Mirar un paisaje es como asomarse al interior de los seres que lo habitan, al alma misma de las personas, al espejo que refleja sus deseos y emociones, sus éxitos y frustraciones. Dime qué paisaje tienes y te diré quién eres.
Y hay tantos como miradas existen porque el mismo fragmento de territorio que abarcan nuestros ojos, ofrece tantas realidades como observadores lo contemplen. Ante un mismo paisaje, el poeta se detendrá por la belleza de la imagen y escuchará embelesado el murmullo del silencio que flota ligero en el aire. Un pintor analizará la luz y las sombras y el generoso cromatismo que se despliega en las líneas, en las texturas. En las formas. Al agricultor le bastará observar la ordenada geometría de los cultivos para reconocer la capacidad última del terreno, la aptitud vital de los estratos. Un especulador verá exclusivamente solares y negocios. Y el historiador buscará la huella humana, el vestigio de nuestra existencia desde la noche de los tiempos.

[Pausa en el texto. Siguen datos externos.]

(* Let $n\ge5$ be odd, $k=\frac{n-3}{2}$, $G=(V,E)=K_n$, let $C=(v_1,\dots,v_{2k+1})$ be a cycle of length $n-2$ in $G$ and $s,t$ the two vertices not on $C$. Then the canonical transformation of the $C$-induced constraint $x_{\{s,t\}}+k\cdot x(\delta(V(C)))+\sum_{e\in E[V\setminus\{s,t\}]}\ell(e)x_e\ge 2k+1$ defines a facet of $P_{(\widehat G,\widehat R)}$.
   Context: $\delta(V(C))$ is the set of edges with exactly one endpoint on $C$, $E[S]$ the set of edges with both endpoints in $S$, $x(S)=\sum_{e\in S}x_e$; for $i\ne j$, $\ell(\{v_i,v_j\})=|j-i|$ if $|j-i|$ is odd and $2k+1-|j-i|$ otherwise. The bipartite graph $\widehat G=(\widehat V,\widehat E)$ has vertex set $\{v^+\colon v\in V\}\cup\{v^-\colon v\in V\}$ and edges $\{v^+,v^-\}$ for $v\in V$ and $\{u^+,v^-\},\{u^-,v^+\}$ for each $\{u,v\}\in E$; red edges $\widehat R=\widehat E\setminus\{\{v^+,v^-\}\colon v\in V\}$. $P_{(\widehat G,\widehat R)}$ is the convex hull of incidence vectors of perfect matchings $M$ of $\widehat G$ with $|M\cap\widehat R|$ odd. The canonical transformation of $\sum_{e\in E}a_ex_e\ge b$ is $\sum_{\{u,v\}\in E}a_{\{u,v\}}(y_{\{u^+,v^-\}}+y_{\{u^-,v^+\}})\ge b$ in variables $y\in\mathbb{R}^{\widehat E}$. *)

theory Defs
  imports "HOL-Analysis.Analysis"
begin

text \<open>Vertices of the auxiliary graph: (v, True) is v^+, (v, False) is v^-.
  Vectors y in R^(hat E) are represented in the ambient space indexed by all
  sets of auxiliary vertices (a finite type); only coordinates at edges of
  hat G are used.  Affine dimension and faces are intrinsic, so this is harmless.\<close>

type_synonym ('v) hvec = "real ^ (('v \<times> bool) set)"

definition complete_edges :: "'v set \<Rightarrow> 'v set set" where
  "complete_edges V = {{u, v} | u v. u \<in> V \<and> v \<in> V \<and> u \<noteq> v}"

definition hat_vertices :: "'v set \<Rightarrow> ('v \<times> bool) set" where
  "hat_vertices V = {(v, True) | v. v \<in> V} \<union> {(v, False) | v. v \<in> V}"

Hace unas semanas pregunté a una compañera recién incorporada al trabajo, qué le llamaba la atención del paisaje. De este paisaje. Y me habló de la luz del amanecer desplegándose en las lejanas montañas que se ven desde la entrada de la ciudad.
Hoy, al alba, he descubierto esa luz, vieja y lenta, que nace en el pinar y cae por los vertiginosos acantilados hacia el mar, como la espuma que se derrama por los bordes de un recipiente candente. Hoy me asomé al mundo a través de la mirada sensible y reveladora de mi compañera. Y lo que ví, me gustó.

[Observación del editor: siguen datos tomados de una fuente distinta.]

(* Let $M\in\mathrm{Mat}(2,\mathbb{Z})$ with $\mathrm{mgcd}(M)=\mu\neq0$, and let $C=\begin{pmatrix}0&-D\\1&T\end{pmatrix}$ with $D=\det(M)$, $T=\mathrm{trace}(M)$ be its companion matrix. Then for all integers $n\ge2$ with $\gcd(n,\mu)=1$, the reductions of $M$ and $C$ mod $n$ are $\mathrm{Mat}(2,\mathbb{Z}_n)^\times$-conjugate. In this case, $M$ and $C$ share the same local statistics on $L_n$.
   Context: For $M=\begin{pmatrix}a&b\\c&d\end{pmatrix}\in\mathrm{Mat}(2,\mathbb{Z})$, $\mathrm{mgcd}(M)=\gcd(b,c,d-a)\ge0$ (equal to $0$ iff $b=c=d-a=0$). $\mathbb{Z}_n=\mathbb{Z}/n\mathbb{Z}$ and $\mathrm{Mat}(2,\mathbb{Z}_n)^\times$ is the group of invertible $2\times2$ matrices over $\mathbb{Z}_n$. $L_n=\{(\frac{k}{n},\frac{\ell}{n}):0\le k,\ell<n\}\subset\mathbb{T}^2=\mathbb{R}^2/\mathbb{Z}^2$, on which an integer matrix acts by multiplication mod $1$. Two integer matrices have the same local statistics on $L_n$ if the directed pseudo-graphs on $L_n$ they induce (vertices the points of $L_n$, a directed edge from $x$ to $Mx$) are isomorphic as graphs. *)

theory Defs
  imports "HOL-Analysis.Analysis" "HOL-Number_Theory.Cong"
begin

type_synonym imat2 = "int ^ 2 ^ 2"

definition mgcd :: "imat2 \<Rightarrow> int" where
  "mgcd M = gcd (M $ 1 $ 2) (gcd (M $ 2 $ 1) (M $ 2 $ 2 - M $ 1 $ 1))"

definition companion :: "imat2 \<Rightarrow> imat2" where
  "companion M = (\<chi> i j. if i = 1 then (if j = 1 then 0 else - det M)
                                     else (if j = 1 then 1 else trace M))"

definition mat_cong :: "int \<Rightarrow> imat2 \<Rightarrow> imat2 \<Rightarrow> bool" where
  "mat_cong n A B \<longleftrightarrow> (\<forall>i j. [A $ i $ j = B $ i $ j] (mod n))"

text \<open>Reductions mod n are conjugate by an element of Mat(2,Z_n)^x
  (P, Q integer representatives of an invertible matrix and its inverse).\<close>
definition conj_mod :: "int \<Rightarrow> imat2 \<Rightarrow> imat2 \<Rightarrow> bool" where
  "conj_mod n A B \<longleftrightarrow> (\<exists>P Q :: imat2.
      mat_cong n (P ** Q) (mat 1) \<and> mat_cong n (Q ** P) (mat 1) \<and>
      mat_cong n (P ** A ** Q) B)"

text \<open>The lattice L_n, the point (k/n, l/n) of the torus identified with (k,l), 0 \<le> k,l < n.\<close>
definition Ln :: "int \<Rightarrow> (int \<times> int) set" where
  "Ln n = {0..<n} \<times> {0..<n}"

text \<open>Action of an integer matrix on L_n: multiplication mod 1 of (k/n, l/n)
  corresponds to multiplication mod n of (k,l).\<close>
definition act :: "int \<Rightarrow> imat2 \<Rightarrow> int \<times> int \<Rightarrow> int \<times> int" where
  "act n M x = ((M $ 1 $ 1 * fst x + M $ 1 $ 2 * snd x) mod n,
                (M $ 2 $ 1 * fst x + M $ 2 $ 2 * snd x) mod n)"

definition edges :: "int \<Rightarrow> imat2 \<Rightarrow> ((int \<times> int) \<times> (int \<times> int)) set" where
  "edges n M = {(x, act n M x) | x. x \<in> Ln n}"

definition same_local_stats :: "int \<Rightarrow> imat2 \<Rightarrow> imat2 \<Rightarrow> bool" where
  "same_local_stats n A B \<longleftrightarrow> (\<exists>f. bij_betw f (Ln n) (Ln n) \<and>
      (\<forall>x\<in>Ln n. \<forall>y\<in>Ln n. (x, y) \<in> edges n A \<longleftrightarrow> (f x, f y) \<in> edges n B))"

end

theory Submission
  imports Defs
begin

text \<open>With \<open>v \<in> \<int>\<^sup>2\<close> and \<open>S = (v | Mv)\<close>, Cayley--Hamilton gives \<open>M S = S C\<close> for the companion
  matrix \<open>C\<close>, so \<open>M\<close> and \<open>C\<close> are conjugate modulo \<open>n\<close> as soon as \<open>det S\<close> is a unit modulo \<open>n\<close>.
  Now \<open>det S = c x\<^sup>2 + (d - a) x y - b y\<^sup>2\<close> is a binary quadratic form whose coefficients have gcd
  \<open>\<mu>\<close>; coprimality of \<open>n\<close> and \<open>\<mu>\<close> makes the form nonzero modulo every prime \<open>p\<close> dividing \<open>n\<close>,
  and the Chinese remainder theorem glues these local witnesses to one \<open>v\<close> with \<open>det S\<close> coprime
  to \<open>n\<close>. Finally, conjugation by \<open>P\<close> modulo \<open>n\<close> makes \<open>x \<mapsto> P x\<close> an isomorphism of the
  induced graphs on \<open>L\<^sub>n\<close>.\<close>

lemma mat_cong_refl: "mat_cong n A A"
  by (simp add: mat_cong_def)

lemma mat_cong_trans: "mat_cong n A B \<Longrightarrow> mat_cong n B C \<Longrightarrow> mat_cong n A C"
  unfolding mat_cong_def by (blast intro: cong_trans)

lemma mat_cong_mult:
  "mat_cong n A A' \<Longrightarrow> mat_cong n B B' \<Longrightarrow> mat_cong n (A ** B) (A' ** B')"
  unfolding mat_cong_def matrix_matrix_mult_def
  by (simp add: sum_2 cong_add cong_mult)

lemma mat_cong_mat_1: "[k = 1] (mod n) \<Longrightarrow> mat_cong n (mat k) (mat 1)"
  by (simp add: mat_cong_def mat_def)

lemma mat_mult_mat: "mat k ** mat l = (mat (k * l) :: imat2)"
  by (simp add: vec_eq_iff forall_2 mat_def matrix_matrix_mult_def sum_2)

lemma mat_mult_commute: "mat k ** A = A ** (mat k :: imat2)"
  unfolding mat_def matrix_matrix_mult_def
  by (simp add: vec_eq_iff if_distrib if_distribR mult.commute cong: if_cong)

definition adj2 :: "imat2 \<Rightarrow> imat2" where
  "adj2 A = (\<chi> i j. if i = 1 then (if j = 1 then A $ 2 $ 2 else - A $ 1 $ 2)
                            else (if j = 1 then - A $ 2 $ 1 else A $ 1 $ 1))"

lemma adj2_mult: "adj2 A ** A = mat (det A)"
  by (simp add: vec_eq_iff forall_2 adj2_def mat_def matrix_matrix_mult_def sum_2 det_2
      algebra_simps)

lemma mult_adj2: "A ** adj2 A = mat (det A)"
  by (simp add: vec_eq_iff forall_2 adj2_def mat_def matrix_matrix_mult_def sum_2 det_2
      algebra_simps)

lemma invertible_mod_if_coprime_det:
  assumes "coprime (det S) n"
  obtains P where "mat_cong n (P ** S) (mat 1)" "mat_cong n (S ** P) (mat 1)"
proof -
  obtain u where u: "[u * det S = 1] (mod n)"
    using assms cong_solve_coprime_int by (metis mult.commute)
  have "mat u ** adj2 S ** S = mat (u * det S)"
    by (simp add: adj2_mult mat_mult_mat flip: matrix_mul_assoc)
  moreover have "S ** (mat u ** adj2 S) = mat u ** (S ** adj2 S)"
    by (metis matrix_mul_assoc mat_mult_commute)
  then have "S ** (mat u ** adj2 S) = mat (u * det S)"
    by (simp add: mult_adj2 mat_mult_mat)
  ultimately show ?thesis
    using that[of "mat u ** adj2 S"] mat_cong_mat_1[OF u] by simp
qed

lemma conj_mod_if_intertwined:
  assumes "coprime (det S) n" and "A ** S = S ** B"
  shows "conj_mod n A B"
proof -
  obtain P where PS: "mat_cong n (P ** S) (mat 1)" and SP: "mat_cong n (S ** P) (mat 1)"
    using invertible_mod_if_coprime_det[OF assms(1)] .
  have "P ** A ** S = (P ** S) ** B"
    by (metis assms(2) matrix_mul_assoc)
  then have "mat_cong n (P ** A ** S) B"
    using mat_cong_mult[OF PS mat_cong_refl, of B] by simp
  with PS SP show ?thesis
    unfolding conj_mod_def by blast
qed

definition cyclic_mat :: "imat2 \<Rightarrow> int ^ 2 \<Rightarrow> imat2" where
  "cyclic_mat M v = (\<chi> i j. if j = 1 then v $ i else (M *v v) $ i)"

lemma cyclic_mat_intertwines: "M ** cyclic_mat M v = cyclic_mat M v ** companion M"
  by (simp add: vec_eq_iff forall_2 cyclic_mat_def companion_def matrix_matrix_mult_def
      matrix_vector_mult_def sum_2 det_2 trace_def algebra_simps)

lemma det_cyclic_mat:
  "det (cyclic_mat M v) =
     M $ 2 $ 1 * (v $ 1)\<^sup>2 + (M $ 2 $ 2 - M $ 1 $ 1) * v $ 1 * v $ 2 - M $ 1 $ 2 * (v $ 2)\<^sup>2"
  by (simp add: det_2 cyclic_mat_def matrix_vector_mult_def sum_2 algebra_simps power2_eq_square)

lemma binary_quadratic_not_dvd:
  fixes b c e p :: int
  assumes "\<not> (p dvd b \<and> p dvd c \<and> p dvd e)"
  shows "\<exists>x y. \<not> p dvd c * x\<^sup>2 + e * x * y - b * y\<^sup>2"
proof (cases "p dvd c \<and> p dvd b")
  case True
  have "\<not> p dvd c + e - b"
  proof
    assume "p dvd c + e - b"
    then have "p dvd (c + e - b) - c + b"
      using True dvd_add dvd_diff by meson
    with True assms show False
      by simp
  qed
  then have "\<not> p dvd c * 1\<^sup>2 + e * 1 * 1 - b * 1\<^sup>2"
    by simp
  then show ?thesis by blast
next
  case False
  then have "\<not> p dvd c * 1\<^sup>2 + e * 1 * 0 - b * 0\<^sup>2 \<or> \<not> p dvd c * 0\<^sup>2 + e * 0 * 1 - b * 1\<^sup>2"
    by simp
  then show ?thesis by blast
qed

lemma coprime_value_exists:
  fixes f :: "int \<Rightarrow> int \<Rightarrow> int" and n :: int
  assumes f_cong: "\<And>m x x' y y'. [x = x'] (mod m) \<Longrightarrow> [y = y'] (mod m) \<Longrightarrow>
                     [f x y = f x' y'] (mod m)"
    and "\<And>p. prime p \<Longrightarrow> p dvd n \<Longrightarrow> \<exists>x y. \<not> p dvd f x y"
    and "n > 0"
  shows "\<exists>x y. coprime (f x y) n"
  using assms(2,3)
proof (induction "nat n" arbitrary: n rule: less_induct)
  case less
  show ?case
  proof (cases "n = 1")
    case True
    then show ?thesis by simp
  next
    case False
    with less.prems obtain p where p: "prime p" "p dvd n"
      using prime_divisor_exists[of n] by auto
    then obtain m where n: "n = p * m" by (auto elim: dvdE)
    have "p > 1" using p(1) prime_gt_1_int by blast
    then have "m > 0" "nat m < nat n"
      using less.prems(2) n by (auto simp: zero_less_mult_iff)
    moreover have "\<exists>x y. \<not> q dvd f x y" if "prime q" "q dvd m" for q
      using less.prems(1) that n by simp
    ultimately obtain x0 y0 where coprime_m: "coprime (f x0 y0) m"
      using less.hyps by blast
    show ?thesis
    proof (cases "p dvd m")
      case True
      have "coprime (f x0 y0) p"
        using coprime_divisors[OF dvd_refl True coprime_m] .
      with coprime_m have "coprime (f x0 y0) n"
        using n by simp
      then show ?thesis by blast
    next
      case False
      obtain x1 y1 where not_dvd: "\<not> p dvd f x1 y1"
        using less.prems(1) p by blast
      have "coprime m p"
        using False p(1) prime_imp_coprime coprime_commute by blast
      then obtain x y where x: "[x = x0] (mod m)" "[x = x1] (mod p)"
        and y: "[y = y0] (mod m)" "[y = y1] (mod p)"
        using binary_chinese_remainder_int by metis
      have "coprime (f x y) m"
        using coprime_m f_cong[OF x(1) y(1)] cong_imp_coprime cong_sym by blast
      moreover have "\<not> p dvd f x y"
        using not_dvd f_cong[OF x(2) y(2)] cong_dvd_iff by blast
      then have "coprime (f x y) p"
        using p(1) prime_imp_coprime coprime_commute by blast
      ultimately show ?thesis
        using n by auto
    qed
  qed
qed

lemma exists_coprime_det_cyclic_mat:
  fixes n :: int
  assumes "n > 0" and "coprime n (mgcd M)"
  shows "\<exists>v. coprime (det (cyclic_mat M v)) n"
proof -
  define f where "f x y = M $ 2 $ 1 * x\<^sup>2 + (M $ 2 $ 2 - M $ 1 $ 1) * x * y - M $ 1 $ 2 * y\<^sup>2"
    for x y
  have "[f x y = f x' y'] (mod m)" if "[x = x'] (mod m)" "[y = y'] (mod m)" for m x x' y y'
    unfolding f_def using that by (intro cong_add cong_diff cong_mult cong_pow cong_refl)
  moreover have "\<exists>x y. \<not> p dvd f x y" if "prime p" "p dvd n" for p
  proof -
    have "\<not> p dvd mgcd M"
      using assms(2) that by (metis coprime_common_divisor not_prime_unit)
    then show ?thesis
      unfolding f_def mgcd_def by (intro binary_quadratic_not_dvd) simp
  qed
  ultimately obtain x y where "coprime (f x y) n"
    using coprime_value_exists assms(1) by blast
  then have "coprime (det (cyclic_mat M (vector [x, y]))) n"
    by (simp add: det_cyclic_mat f_def)
  then show ?thesis ..
qed

lemma conj_mod_companion:
  fixes n :: int
  assumes "n > 0" and "coprime n (mgcd M)"
  shows "conj_mod n M (companion M)"
proof -
  obtain v where "coprime (det (cyclic_mat M v)) n"
    using exists_coprime_det_cyclic_mat[OF assms] by blast
  then show ?thesis
    using conj_mod_if_intertwined cyclic_mat_intertwines by blast
qed

lemma act_act: "act n A (act n B x) = act n (A ** B) x"
proof -
  have mod_inside: "(a * (u mod n) + b * (v mod n)) mod n = (a * u + b * v) mod n"
    for a b u v :: int
    by (metis mod_add_eq mod_mult_right_eq)
  show ?thesis
    unfolding act_def matrix_matrix_mult_def
    by (simp add: sum_2 mod_inside) (simp add: algebra_simps)
qed

lemma act_mat_cong:
  assumes "mat_cong n A B"
  shows "act n A x = act n B x"
proof -
  have "[A $ i $ 1 * fst x + A $ i $ 2 * snd x = B $ i $ 1 * fst x + B $ i $ 2 * snd x] (mod n)"
    for i
    using assms by (simp add: mat_cong_def cong_add cong_mult)
  then show ?thesis
    by (simp add: act_def cong_def)
qed

lemma act_mat_1: "x \<in> Ln n \<Longrightarrow> act n (mat 1) x = x"
  by (auto simp: act_def mat_def Ln_def)

lemma act_in_Ln: "n > 0 \<Longrightarrow> act n A x \<in> Ln n"
  by (simp add: Ln_def act_def)

lemma mem_edges_iff: "(x, y) \<in> edges n A \<longleftrightarrow> x \<in> Ln n \<and> y = act n A x"
  unfolding edges_def by blast

lemma same_local_stats_if_conj_mod:
  fixes n :: int
  assumes "n > 0" and "conj_mod n A B"
  shows "same_local_stats n A B"
proof -
  obtain P Q where PQ: "mat_cong n (P ** Q) (mat 1)" and QP: "mat_cong n (Q ** P) (mat 1)"
    and PAQ: "mat_cong n (P ** A ** Q) B"
    using assms(2) unfolding conj_mod_def by blast
  have bij: "bij_betw (act n P) (Ln n) (Ln n)"
    by (rule bij_betwI[where g = "act n Q"])
      (use assms(1) PQ QP in \<open>auto simp: act_in_Ln act_act act_mat_1 act_mat_cong[of n]\<close>)
  have "mat_cong n (B ** P) (P ** A ** Q ** P)"
    using mat_cong_mult[OF PAQ mat_cong_refl] unfolding mat_cong_def by (simp add: cong_sym)
  also have "P ** A ** Q ** P = P ** A ** (Q ** P)"
    by (simp add: matrix_mul_assoc)
  finally have "mat_cong n (B ** P) (P ** A)"
    using mat_cong_mult[OF mat_cong_refl QP, of "P ** A"] mat_cong_trans by auto
  then have intertwine: "act n B (act n P x) = act n P (act n A x)" for x
    using act_mat_cong by (simp add: act_act)
  have "y = act n A x \<longleftrightarrow> act n P y = act n B (act n P x)" if "x \<in> Ln n" "y \<in> Ln n" for x y
    using inj_on_eq_iff[OF bij_betw_imp_inj_on[OF bij] that(2) act_in_Ln[OF assms(1)]] intertwine
    by simp
  then show ?thesis
    unfolding same_local_stats_def mem_edges_iff using bij bij_betwE by blast
qed

theorem proposition33:
  fixes M :: imat2 and n :: int
  assumes "mgcd M \<noteq> 0"
    and "n \<ge> 2"
    and "coprime n (mgcd M)"
  shows "conj_mod n M (companion M) \<and> same_local_stats n M (companion M)"
proof -
  have "n > 0" using assms(2) by simp
  then show ?thesis
    using conj_mod_companion same_local_stats_if_conj_mod assms(3) by blast
qed

end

Manuel Vicent escribió que si no es posible cambiar la realidad mediante una revolución, quizás sea posible hacerlo a través de la mirada, un arma creativa y transformadora al alcance de cualquiera.

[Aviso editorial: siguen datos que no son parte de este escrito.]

lemma moments_sum_independent:
  fixes X :: "'a \<Rightarrow> real" and D :: "'b \<Rightarrow> real"
  assumes P: "finite (set_pmf P)" and W: "finite (set_pmf W)"
    and X0: "measure_pmf.expectation P X = 0" and D0: "measure_pmf.expectation W D = 0"
  shows "measure_pmf.expectation P (\<lambda>z. measure_pmf.expectation W (\<lambda>c. X z + D c)) = 0"
    and "measure_pmf.expectation P (\<lambda>z. measure_pmf.expectation W (\<lambda>c. (X z + D c)\<^sup>2))
           = measure_pmf.expectation P (\<lambda>z. (X z)\<^sup>2) + measure_pmf.expectation W (\<lambda>c. (D c)\<^sup>2)"
    and "measure_pmf.expectation P (\<lambda>z. measure_pmf.expectation W (\<lambda>c. (X z + D c) ^ 4))
           = measure_pmf.expectation P (\<lambda>z. (X z) ^ 4)
             + 6 * measure_pmf.expectation P (\<lambda>z. (X z)\<^sup>2) * measure_pmf.expectation W (\<lambda>c. (D c)\<^sup>2)
             + measure_pmf.expectation W (\<lambda>c. (D c) ^ 4)"
proof -
  have expand2: "\<And>a b :: real. (a + b)\<^sup>2 = a\<^sup>2 + 2 * a * b + b\<^sup>2"
    by (simp add: power2_eq_square algebra_simps)
  have expand4: "\<And>a b :: real. (a + b) ^ 4 = a ^ 4 + 4 * a ^ 3 * b + 6 * a\<^sup>2 * b\<^sup>2 + 4 * a * b ^ 3 + b ^ 4"
    by (simp add: power_def numeral_eq_Suc algebra_simps)
  show "measure_pmf.expectation P (\<lambda>z. measure_pmf.expectation W (\<lambda>c. X z + D c)) = 0"
    using P W X0 D0 by (simp add: integral_add integrable_measure_pmf_finite)
  show "measure_pmf.expectation P (\<lambda>z. measure_pmf.expectation W (\<lambda>c. (X z + D c)\<^sup>2))
           = measure_pmf.expectation P (\<lambda>z. (X z)\<^sup>2) + measure_pmf.expectation W (\<lambda>c. (D c)\<^sup>2)"
    unfolding expand2 using P W X0 D0 by (simp add: integral_add integrable_measure_pmf_finite)
  show "measure_pmf.expectation P (\<lambda>z. measure_pmf.expectation W (\<lambda>c. (X z + D c) ^ 4))
           = measure_pmf.expectation P (\<lambda>z. (X z) ^ 4)
             + 6 * measure_pmf.expectation P (\<lambda>z. (X z)\<^sup>2) * measure_pmf.expectation W (\<lambda>c. (D c)\<^sup>2)
             + measure_pmf.expectation W (\<lambda>c. (D c) ^ 4)"
    unfolding expand4 using P W X0 D0 by (simp add: integral_add integrable_measure_pmf_finite)
qed

section \<open>The reflected random walk\<close>

definition rw_iter :: "nat \<Rightarrow> nat \<Rightarrow> nat pmf \<Rightarrow> nat pmf" where
  "rw_iter N k q = ((\<lambda>q. bind_pmf q (rw_step N)) ^^ k) q"

lemma rw_law_eq_bind_rw_iter: "rw_law N t x = bind_pmf (poisson_pmf t) (\<lambda>k. rw_iter N k (return_pmf x))"
  by (simp add: rw_law_def rw_iter_def)

lemma rw_iter_Suc: "rw_iter N (Suc k) q = bind_pmf (rw_iter N k q) (rw_step N)"
  by (simp add: rw_iter_def)

lemma rw_iter_Suc_right: "rw_iter N (Suc k) q = rw_iter N k (bind_pmf q (rw_step N))"
  by (simp add: rw_iter_def funpow_Suc_right del: funpow.simps)

lemma rw_iter_eq_bind: "rw_iter N k q = bind_pmf q (\<lambda>z. rw_iter N k (return_pmf z))"
proof (induction k arbitrary: q)
  case 0 then show ?case by (simp add: rw_iter_def bind_return_pmf')
next
  case (Suc k)
  have "rw_iter N (Suc k) q = bind_pmf (bind_pmf q (\<lambda>z. rw_iter N k (return_pmf z))) (rw_step N)"
    unfolding rw_iter_Suc by (subst Suc.IH) (rule refl)
  also have "\<dots> = bind_pmf q (\<lambda>z. rw_iter N (Suc k) (return_pmf z))"
    unfolding bind_assoc_pmf rw_iter_Suc ..
  finally show ?case .
qed

lemma set_pmf_rw_step: "y \<le> N \<Longrightarrow> set_pmf (rw_step N y) \<subseteq> {..N}"
  by (auto simp: rw_step_def)

lemma set_pmf_rw_iter: "set_pmf q \<subseteq> {..N} \<Longrightarrow> set_pmf (rw_iter N k q) \<subseteq> {..N}"
proof (induction k)
  case 0 then show ?case by (simp add: rw_iter_def)
next
  case (Suc k)
  then show ?case
    unfolding rw_iter_Suc set_bind_pmf using set_pmf_rw_step by blast
qed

Escribo toda esta banalidad porque esta mañana, mientras el sol rodaba sobre la línea quebrada del naciente, en la parada, un grupo de personas permanecía ajeno a este prodigio cotidiano. Todos esperaban la llegada de la guagua. Y nadie observaba el paisaje, donde la luz transmitía una inefable sensación de belleza y exuberancia. Todos permanecían cautivos, adictos al móvil, pendientes del teléfono. Ajenos al mundo exterior.
Es de perogrullo exigir que nos pasemos la vida buscando y deleitándonos ante la sucesión inagotable de escenas extremadamente hermosas. Pero, mientras menospreciamos el paisaje, el escenario en el que transcurre nuestra existencia, otros, con sus felonías y desmanes, lo degradan. Lo destruyen. Lo ningunean. Nuestro espacio cotidiano se ha convertido en un territorio desprovisto de valor donde se acumulan despropósitos, disparates o extravagancias que provocan, inevitablemente, el rechazo de nuestros ojos. El desdén de la mirada. Nadie se detiene ante lo horrible. Pero si no observamos, el paisaje expira, sucumbe, desaparece, y con él, nuestro testimonio más auténtico, la prueba inapelable de que aquí sonaron y soñaron nuestros latidos. El espíritu de un tiempo.